Conversely, the constructs listed previously (eg \p{Alpha}, \p{Lower}, \p{Space}, etc) seem to work.
I briefly looked at the regexp tests, and they don't seem to test these.
Are these unavailable on Windows?
Updated by duerst (Martin Dürst) over 6 years ago
There is a C preprocessor flag USE_UNICODE_PROPERTIES that is used e.g. in enc/unicode/10.0.0/name2ctype.h. I have never actually seen this, but it may be possible that your version of Ruby is compiled without this flag on. I don't see any reason why this should be Windows-specific; these properties are useful independent of the OS.

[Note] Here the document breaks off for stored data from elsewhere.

lemma eff_generator_linear: "eff_generator \<sigma> b a (\<lambda>z. w \<bullet> z) z = b z \<bullet> w"
proof -
  have "pderiv_at l (\<lambda>z. w \<bullet> z) = (\<lambda>z. w $ l)" for l
    by (rule ext) (rule pderiv_at_inner_left)
  then show ?thesis
    by (simp add: eff_generator_def grad_def pderiv_at_inner_left pderiv_at_const inner_commute)
qed

lemma eff_generator_left_eigenvector:
  fixes Q :: "real^'k::finite^'k"
  assumes "b z = Q *v z" and "v v* Q = c *\<^sub>R v"
  shows "eff_generator \<sigma> b a (\<lambda>z. v \<bullet> z) z = c * (v \<bullet> z)"
proof -
  have "eff_generator \<sigma> b a (\<lambda>z. v \<bullet> z) z = v \<bullet> (Q *v z)"
    by (metis eff_generator_linear assms(1) inner_commute)
  also have "\<dots> = (v v* Q) \<bullet> z"
    by (rule dot_lmul_matrix[symmetric])
  finally show ?thesis
    by (simp add: assms(2))
qed

theorem mainTheorem1:
  fixes V :: "real^'d \<Rightarrow> real"
    and \<sigma> :: real
    and lam :: "'k::finite \<Rightarrow> real"
    and \<phi> :: "'k \<Rightarrow> real^'d \<Rightarrow> real"
    and i0 :: 'k
    and chi :: "real^'d \<Rightarrow> real^'k"
    and C :: "real^'k^'k"
    and btil :: "real^'k \<Rightarrow> real^'k"
    and atil :: "real^'k \<Rightarrow> real^'k^'k"
  defines "\<beta> \<equiv> 2 / \<sigma>\<^sup>2"
  defines "\<mu> \<equiv> gibbs \<beta> V"
  defines "Q \<equiv> C ** (\<chi> i j. if i = j then lam i else 0) ** matrix_inv C"
  assumes \<sigma>_pos: "\<sigma> > 0"
    and V_smooth: "smooth_fun V"
    and V_normalizable: "integrable lborel (\<lambda>x. exp (- \<beta> * V x))"
    \<comment> \<open>eigenpairs of the generator, L2(mu)-orthonormal\<close>
    and \<phi>_smooth: "\<And>i. smooth_fun (\<phi> i)"
    and \<phi>_eigen: "\<And>i x. generator \<sigma> V (\<phi> i) x = lam i * \<phi> i x"
    and \<phi>_L2: "\<And>i j. integrable \<mu> (\<lambda>x. \<phi> i x * \<phi> j x)"
    and \<phi>_orthonormal: "\<And>i j. (\<integral>x. \<phi> i x * \<phi> j x \<partial>\<mu>) = (if i = j then 1 else 0)"
    and \<phi>0: "\<And>x. \<phi> i0 x = 1"
    and lam0: "lam i0 = 0"
    and lam_neg: "\<And>i. i \<noteq> i0 \<Longrightarrow> lam i < 0"
    \<comment> \<open>these are the dominant eigenvalues: every other L2 eigenvalue lies below them\<close>
    and lam_dominant: "\<And>f \<nu>. smooth_fun f \<Longrightarrow> (\<forall>x. generator \<sigma> V f x = \<nu> * f x) \<Longrightarrow>
        integrable \<mu> (\<lambda>x. (f x)\<^sup>2) \<Longrightarrow> \<not> (AE x in \<mu>. f x = 0) \<Longrightarrow> \<nu> \<notin> range lam \<Longrightarrow>
        (\<forall>i. \<nu> < lam i)"
    \<comment> \<open>the collective variable chi: smooth partition of unity spanning the same space as phi\<close>
    and chi_smooth: "\<And>l. smooth_fun (\<lambda>x. chi x $ l)"
    and chi_nonneg: "\<And>l x. chi x $ l \<ge> 0"
    and chi_sum: "\<And>x. (\<Sum>l\<in>UNIV. chi x $ l) = 1"
    and C_inv: "invertible C"
    and chi_C: "\<And>x. chi x = C *v (\<chi> i. \<phi> i x)"
    \<comment> \<open>coefficients of the effective dynamics (versions of the coordinate projections)\<close>
    and btil_proj: "\<And>l. coord_proj \<mu> chi (generator \<sigma> V (\<lambda>x. chi x $ l)) (\<lambda>z. btil z $ l)"
    and atil_proj: "\<And>l k. coord_proj \<mu> chi
        (\<lambda>x. \<Sum>i\<in>UNIV. \<Sum>j\<in>UNIV. pderiv_at i (\<lambda>y. chi y $ l) x * pderiv_at j (\<lambda>y. chi y $ k) x)
        (\<lambda>z. atil z $ l $ k)"
  shows "(AE z in distr \<mu> borel chi. btil z = Q *v z)
    \<and> (\<forall>i. row i (matrix_inv C) \<noteq> 0
          \<and> row i (matrix_inv C) v* Q = lam i *\<^sub>R row i (matrix_inv C)
          \<and> (AE z in distr \<mu> borel chi.
               eff_generator \<sigma> btil atil (\<lambda>z. row i (matrix_inv C) \<bullet> z) z
                 = lam i * (row i (matrix_inv C) \<bullet> z)))"
proof -
  have Q: "Q = C ** diag_mat lam ** matrix_inv C"
    unfolding Q_def diag_mat_def ..
  have L_chi: "generator \<sigma> V (\<lambda>x. chi x $ l) = (\<lambda>x. (Q *v chi x) $ l)" for l
    using generator_mixed_eigenfunctions[where \<phi> = \<phi> and lam = lam, OF C_inv \<phi>_smooth \<phi>_eigen]
    by (simp add: Q chi_C fun_eq_iff)
  have b_linear: "AE z in distr \<mu> borel chi. btil z = Q *v z"
  proof -
    have "AE z in distr \<mu> borel chi. btil z $ l = (Q *v z) $ l" for l
      using btil_proj[of l, unfolded L_chi]
      by (rule coord_proj_AE_eq_of_comp[where h = "\<lambda>z. (Q *v z) $ l"])
        (intro borel_measurable_continuous_onI continuous_intros)
    then show ?thesis
      by (simp add: vec_eq_iff AE_all_countable)
  qed
  have "AE z in distr \<mu> borel chi. eff_generator \<sigma> btil atil (\<lambda>z. row i (matrix_inv C) \<bullet> z) z
      = lam i * (row i (matrix_inv C) \<bullet> z)" for i
    using b_linear
    by eventually_elim
      (simp add: eff_generator_left_eigenvector Q row_matrix_inv_left_eigenvector[OF C_inv])
  then show ?thesis
    using b_linear row_matrix_inv_nonzero[OF C_inv] row_matrix_inv_left_eigenvector[OF C_inv]
    unfolding Q by blast
qed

Updated by jeremyevans0 (Jeremy Evans) almost 3 years ago
- Status changed from Open to Closed
I tested this using RubyInstaller versions on Windows. This appears related to regexp encoding, and not a bug, with the same behavior between Ruby 2.0 and 3.0:
C:\>c:\Ruby30-x64\bin\ruby -e "p(/\p{L}/.match('a'))"
-e:1: invalid character property name {L}: /\p{L}/
C:\>c:\Ruby30-x64\bin\ruby -e "p(/\p{L}/u.match('a'))"
#<MatchData "a">
C:\>c:\Ruby30-x64\bin\ruby -Ku -e "p(/\p{L}/.match('a'))"
#<MatchData "a">
C:\>c:\Ruby200-x64\bin\ruby -e "p(/\p{L}/.match('a'))"
-e:1: invalid character property name {L}: /\p{L}/
C:\>c:\Ruby200-x64\bin\ruby -e "p(/\p{L}/u.match('a'))"
#<MatchData "a">
C:\>c:\Ruby200-x64\bin\ruby -Ku -e "p(/\p{L}/.match('a'))"
#<MatchData "a">
The documentation for this feature (https://docs.ruby-lang.org/en/master/doc/regexp_rdoc.html#label-Character+Properties) says: A Unicode character's General Category value can also be matched
, which I think implies this should only work for Unicode regexps, and not other regexps. So I think the current behavior is expected and not a bug.
Updated by duerst (Martin Dürst) over 2 years ago
I agree with @jeremyevans0 (Jeremy Evans), but would like to add that
ruby -e 'p (/\p{L}/.match("a"))'
will produce #<MatchData "a">
also in any situation that is using UTF-8. That will be on almost all current Linux/Unix,... versions, and also on Windows if you first use the command chcp 65001
.